(Data entries)
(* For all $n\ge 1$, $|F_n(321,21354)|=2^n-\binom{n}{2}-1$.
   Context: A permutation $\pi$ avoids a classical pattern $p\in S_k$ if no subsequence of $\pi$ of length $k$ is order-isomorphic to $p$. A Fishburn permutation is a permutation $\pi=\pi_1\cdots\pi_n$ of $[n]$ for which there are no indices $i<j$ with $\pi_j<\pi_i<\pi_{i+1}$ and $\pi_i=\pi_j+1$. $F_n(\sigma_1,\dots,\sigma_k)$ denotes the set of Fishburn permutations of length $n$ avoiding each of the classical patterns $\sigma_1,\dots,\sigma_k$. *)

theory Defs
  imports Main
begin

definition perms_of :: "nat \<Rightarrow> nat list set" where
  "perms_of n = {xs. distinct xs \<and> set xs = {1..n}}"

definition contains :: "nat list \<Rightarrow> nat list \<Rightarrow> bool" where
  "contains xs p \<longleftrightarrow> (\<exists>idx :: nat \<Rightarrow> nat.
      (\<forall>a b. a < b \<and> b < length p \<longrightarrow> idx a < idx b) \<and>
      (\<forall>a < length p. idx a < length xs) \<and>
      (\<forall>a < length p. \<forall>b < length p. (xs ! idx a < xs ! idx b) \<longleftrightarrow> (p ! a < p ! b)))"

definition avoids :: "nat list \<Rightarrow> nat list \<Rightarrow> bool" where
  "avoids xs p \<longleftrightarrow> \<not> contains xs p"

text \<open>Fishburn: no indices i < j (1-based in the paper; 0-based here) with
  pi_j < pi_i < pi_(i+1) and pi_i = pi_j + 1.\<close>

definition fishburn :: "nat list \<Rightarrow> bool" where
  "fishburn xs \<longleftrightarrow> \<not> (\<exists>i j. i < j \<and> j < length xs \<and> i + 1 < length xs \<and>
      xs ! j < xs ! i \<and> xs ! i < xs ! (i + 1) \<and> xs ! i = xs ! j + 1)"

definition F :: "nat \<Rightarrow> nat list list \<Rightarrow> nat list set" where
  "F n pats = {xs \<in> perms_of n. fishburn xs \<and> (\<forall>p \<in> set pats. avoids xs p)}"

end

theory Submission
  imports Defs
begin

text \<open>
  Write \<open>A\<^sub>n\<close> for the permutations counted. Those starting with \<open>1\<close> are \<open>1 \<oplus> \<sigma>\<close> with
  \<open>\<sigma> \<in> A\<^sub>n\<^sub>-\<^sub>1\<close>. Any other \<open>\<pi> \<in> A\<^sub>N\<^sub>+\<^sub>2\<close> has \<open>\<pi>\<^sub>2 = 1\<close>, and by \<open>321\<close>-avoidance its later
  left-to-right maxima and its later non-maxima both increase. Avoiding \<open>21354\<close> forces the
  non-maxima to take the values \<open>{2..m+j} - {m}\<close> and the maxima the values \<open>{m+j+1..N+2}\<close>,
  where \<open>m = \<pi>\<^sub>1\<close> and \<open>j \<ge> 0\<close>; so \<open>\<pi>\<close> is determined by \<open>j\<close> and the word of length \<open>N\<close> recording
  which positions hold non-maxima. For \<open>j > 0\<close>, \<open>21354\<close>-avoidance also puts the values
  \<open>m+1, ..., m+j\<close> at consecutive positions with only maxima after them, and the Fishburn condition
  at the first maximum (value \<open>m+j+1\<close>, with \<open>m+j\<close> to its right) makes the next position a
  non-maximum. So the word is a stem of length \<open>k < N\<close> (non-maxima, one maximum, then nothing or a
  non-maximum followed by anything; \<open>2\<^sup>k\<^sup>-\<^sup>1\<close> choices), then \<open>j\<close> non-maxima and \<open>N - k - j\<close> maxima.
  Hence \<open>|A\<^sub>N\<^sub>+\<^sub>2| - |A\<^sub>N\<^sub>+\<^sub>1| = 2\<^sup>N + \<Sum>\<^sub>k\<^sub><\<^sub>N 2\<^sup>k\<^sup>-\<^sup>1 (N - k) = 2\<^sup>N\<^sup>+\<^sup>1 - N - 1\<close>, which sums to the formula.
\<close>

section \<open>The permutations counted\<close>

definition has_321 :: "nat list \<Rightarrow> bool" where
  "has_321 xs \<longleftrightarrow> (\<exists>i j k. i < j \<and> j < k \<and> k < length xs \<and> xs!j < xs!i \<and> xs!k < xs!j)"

--

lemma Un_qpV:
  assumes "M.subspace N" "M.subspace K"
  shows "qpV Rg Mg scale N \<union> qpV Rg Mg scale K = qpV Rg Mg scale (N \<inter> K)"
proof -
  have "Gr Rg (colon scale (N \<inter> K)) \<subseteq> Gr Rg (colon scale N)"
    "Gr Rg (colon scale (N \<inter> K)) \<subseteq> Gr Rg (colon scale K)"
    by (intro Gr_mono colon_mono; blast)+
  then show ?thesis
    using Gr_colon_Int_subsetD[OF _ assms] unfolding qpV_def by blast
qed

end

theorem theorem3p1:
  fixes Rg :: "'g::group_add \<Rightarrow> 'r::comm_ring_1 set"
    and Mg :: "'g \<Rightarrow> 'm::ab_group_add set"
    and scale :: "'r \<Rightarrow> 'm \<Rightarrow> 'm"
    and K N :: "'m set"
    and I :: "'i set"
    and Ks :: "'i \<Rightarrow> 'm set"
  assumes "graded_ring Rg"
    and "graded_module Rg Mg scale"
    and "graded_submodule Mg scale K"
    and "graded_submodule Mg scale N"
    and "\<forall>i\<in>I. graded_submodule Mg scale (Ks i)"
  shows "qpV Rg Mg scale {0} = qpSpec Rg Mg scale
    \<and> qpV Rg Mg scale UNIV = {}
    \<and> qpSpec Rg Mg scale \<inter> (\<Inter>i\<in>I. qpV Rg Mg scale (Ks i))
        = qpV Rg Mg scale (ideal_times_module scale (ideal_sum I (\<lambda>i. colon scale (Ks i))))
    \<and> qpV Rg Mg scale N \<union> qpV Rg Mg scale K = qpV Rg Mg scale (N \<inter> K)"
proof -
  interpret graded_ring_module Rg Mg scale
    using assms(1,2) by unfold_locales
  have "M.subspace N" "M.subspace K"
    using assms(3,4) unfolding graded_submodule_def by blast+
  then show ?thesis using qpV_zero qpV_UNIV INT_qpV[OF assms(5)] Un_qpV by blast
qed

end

--

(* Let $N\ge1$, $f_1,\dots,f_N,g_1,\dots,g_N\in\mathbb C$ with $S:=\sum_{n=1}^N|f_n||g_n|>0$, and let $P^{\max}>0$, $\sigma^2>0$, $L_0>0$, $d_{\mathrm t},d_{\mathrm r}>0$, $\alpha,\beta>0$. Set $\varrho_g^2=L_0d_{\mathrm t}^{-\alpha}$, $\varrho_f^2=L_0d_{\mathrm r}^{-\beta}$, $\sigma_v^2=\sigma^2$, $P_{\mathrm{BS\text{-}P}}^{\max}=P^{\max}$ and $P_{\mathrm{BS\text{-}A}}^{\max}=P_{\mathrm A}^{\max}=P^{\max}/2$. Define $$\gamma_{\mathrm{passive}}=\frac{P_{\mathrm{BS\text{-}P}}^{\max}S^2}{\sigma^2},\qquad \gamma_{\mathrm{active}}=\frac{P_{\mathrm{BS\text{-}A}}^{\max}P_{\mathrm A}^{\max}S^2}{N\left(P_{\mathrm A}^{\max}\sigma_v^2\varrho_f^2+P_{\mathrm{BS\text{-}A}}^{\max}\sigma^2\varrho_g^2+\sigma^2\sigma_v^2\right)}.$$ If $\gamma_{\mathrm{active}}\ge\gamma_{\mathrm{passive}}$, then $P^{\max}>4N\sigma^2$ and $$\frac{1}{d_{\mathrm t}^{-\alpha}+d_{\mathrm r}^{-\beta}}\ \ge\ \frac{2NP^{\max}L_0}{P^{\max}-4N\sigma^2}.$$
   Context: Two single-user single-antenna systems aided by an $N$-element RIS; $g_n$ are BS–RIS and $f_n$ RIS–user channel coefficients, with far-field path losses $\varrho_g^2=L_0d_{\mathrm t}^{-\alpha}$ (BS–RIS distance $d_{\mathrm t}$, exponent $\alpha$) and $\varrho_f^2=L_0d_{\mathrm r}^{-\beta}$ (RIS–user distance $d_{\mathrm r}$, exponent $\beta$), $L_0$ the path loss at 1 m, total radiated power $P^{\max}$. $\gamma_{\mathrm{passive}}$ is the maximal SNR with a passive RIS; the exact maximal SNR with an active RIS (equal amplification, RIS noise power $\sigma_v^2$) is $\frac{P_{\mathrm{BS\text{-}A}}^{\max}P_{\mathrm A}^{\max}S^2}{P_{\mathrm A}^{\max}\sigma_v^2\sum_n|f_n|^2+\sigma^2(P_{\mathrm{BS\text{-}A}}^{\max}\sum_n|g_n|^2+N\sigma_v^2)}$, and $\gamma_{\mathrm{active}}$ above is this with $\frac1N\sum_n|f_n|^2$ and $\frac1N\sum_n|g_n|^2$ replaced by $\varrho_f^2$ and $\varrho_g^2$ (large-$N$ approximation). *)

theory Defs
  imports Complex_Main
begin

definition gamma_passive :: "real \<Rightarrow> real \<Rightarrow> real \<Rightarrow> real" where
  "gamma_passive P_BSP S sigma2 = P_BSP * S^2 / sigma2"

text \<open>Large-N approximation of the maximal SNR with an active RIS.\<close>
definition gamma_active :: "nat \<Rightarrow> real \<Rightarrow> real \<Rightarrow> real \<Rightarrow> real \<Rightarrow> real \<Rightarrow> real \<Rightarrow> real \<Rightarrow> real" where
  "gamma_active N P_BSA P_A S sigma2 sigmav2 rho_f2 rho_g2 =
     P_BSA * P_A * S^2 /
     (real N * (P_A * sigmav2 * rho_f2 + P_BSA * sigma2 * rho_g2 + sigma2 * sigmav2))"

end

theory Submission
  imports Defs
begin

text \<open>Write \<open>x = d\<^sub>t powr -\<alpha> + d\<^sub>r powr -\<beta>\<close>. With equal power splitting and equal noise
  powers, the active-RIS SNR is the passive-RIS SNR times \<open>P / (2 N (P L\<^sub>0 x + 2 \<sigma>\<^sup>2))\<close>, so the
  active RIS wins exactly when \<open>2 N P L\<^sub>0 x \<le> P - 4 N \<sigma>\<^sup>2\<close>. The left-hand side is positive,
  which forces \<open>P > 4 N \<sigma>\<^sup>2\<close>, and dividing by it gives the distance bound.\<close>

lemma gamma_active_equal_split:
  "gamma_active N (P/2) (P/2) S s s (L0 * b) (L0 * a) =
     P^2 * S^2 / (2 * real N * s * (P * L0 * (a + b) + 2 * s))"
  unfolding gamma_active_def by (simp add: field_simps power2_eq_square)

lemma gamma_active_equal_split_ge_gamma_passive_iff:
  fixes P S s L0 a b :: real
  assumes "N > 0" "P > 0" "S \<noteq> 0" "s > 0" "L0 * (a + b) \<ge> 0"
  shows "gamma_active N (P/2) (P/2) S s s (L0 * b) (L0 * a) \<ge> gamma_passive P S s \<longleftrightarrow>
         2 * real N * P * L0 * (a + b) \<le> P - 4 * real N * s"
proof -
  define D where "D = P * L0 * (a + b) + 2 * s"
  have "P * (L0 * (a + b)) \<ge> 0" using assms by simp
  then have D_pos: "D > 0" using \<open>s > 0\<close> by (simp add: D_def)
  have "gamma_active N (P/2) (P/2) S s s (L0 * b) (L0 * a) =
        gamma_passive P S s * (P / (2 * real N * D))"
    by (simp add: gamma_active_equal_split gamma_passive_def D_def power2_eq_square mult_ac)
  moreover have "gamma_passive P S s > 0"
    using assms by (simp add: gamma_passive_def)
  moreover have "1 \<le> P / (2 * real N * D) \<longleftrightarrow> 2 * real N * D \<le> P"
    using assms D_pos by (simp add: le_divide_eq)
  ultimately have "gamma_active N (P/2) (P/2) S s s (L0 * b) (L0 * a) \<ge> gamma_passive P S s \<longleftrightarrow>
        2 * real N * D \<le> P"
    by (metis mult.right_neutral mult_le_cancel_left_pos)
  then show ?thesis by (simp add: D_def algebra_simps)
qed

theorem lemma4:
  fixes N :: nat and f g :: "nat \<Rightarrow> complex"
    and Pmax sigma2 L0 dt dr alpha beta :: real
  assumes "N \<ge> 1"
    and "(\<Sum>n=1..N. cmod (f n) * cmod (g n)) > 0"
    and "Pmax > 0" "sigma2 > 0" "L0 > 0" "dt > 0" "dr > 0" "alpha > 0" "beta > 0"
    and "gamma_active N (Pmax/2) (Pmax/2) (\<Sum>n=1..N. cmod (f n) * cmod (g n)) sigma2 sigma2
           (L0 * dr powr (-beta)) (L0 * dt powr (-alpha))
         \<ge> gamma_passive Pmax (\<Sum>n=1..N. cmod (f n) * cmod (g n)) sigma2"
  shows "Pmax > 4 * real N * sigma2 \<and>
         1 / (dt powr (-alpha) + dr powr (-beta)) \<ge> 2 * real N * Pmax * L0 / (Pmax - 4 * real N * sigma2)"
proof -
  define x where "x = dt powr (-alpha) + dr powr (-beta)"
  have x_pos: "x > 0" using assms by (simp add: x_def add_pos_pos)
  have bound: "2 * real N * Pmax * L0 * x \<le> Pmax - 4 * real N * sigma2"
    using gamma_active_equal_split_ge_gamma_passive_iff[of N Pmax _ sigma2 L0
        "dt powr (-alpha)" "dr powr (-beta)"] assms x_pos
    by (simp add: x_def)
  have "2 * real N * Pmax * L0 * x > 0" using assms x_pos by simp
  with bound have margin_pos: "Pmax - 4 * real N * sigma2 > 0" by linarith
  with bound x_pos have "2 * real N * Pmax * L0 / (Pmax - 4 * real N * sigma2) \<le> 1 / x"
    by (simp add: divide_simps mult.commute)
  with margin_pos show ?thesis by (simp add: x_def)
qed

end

REQUIREMENT: Repeat the entries above verbatim, but only from the line that has "by \<open>321\<close>-avoidance its later" down to the line that has "left-to-right maxima and", inclusive.

ANSWER BOX:
  \<open>\<sigma> \<in> A\<^sub>n\<^sub>-\<^sub>1\<close>. Any other \<open>\<pi> \<in> A\<^sub>N\<^sub>+\<^sub>2\<close> has \<open>\<pi>\<^sub>2 = 1\<close>, and by \<open>321\<close>-avoidance its later
  left-to-right maxima and its later non-maxima both increase. Avoiding \<open>21354\<close> forces the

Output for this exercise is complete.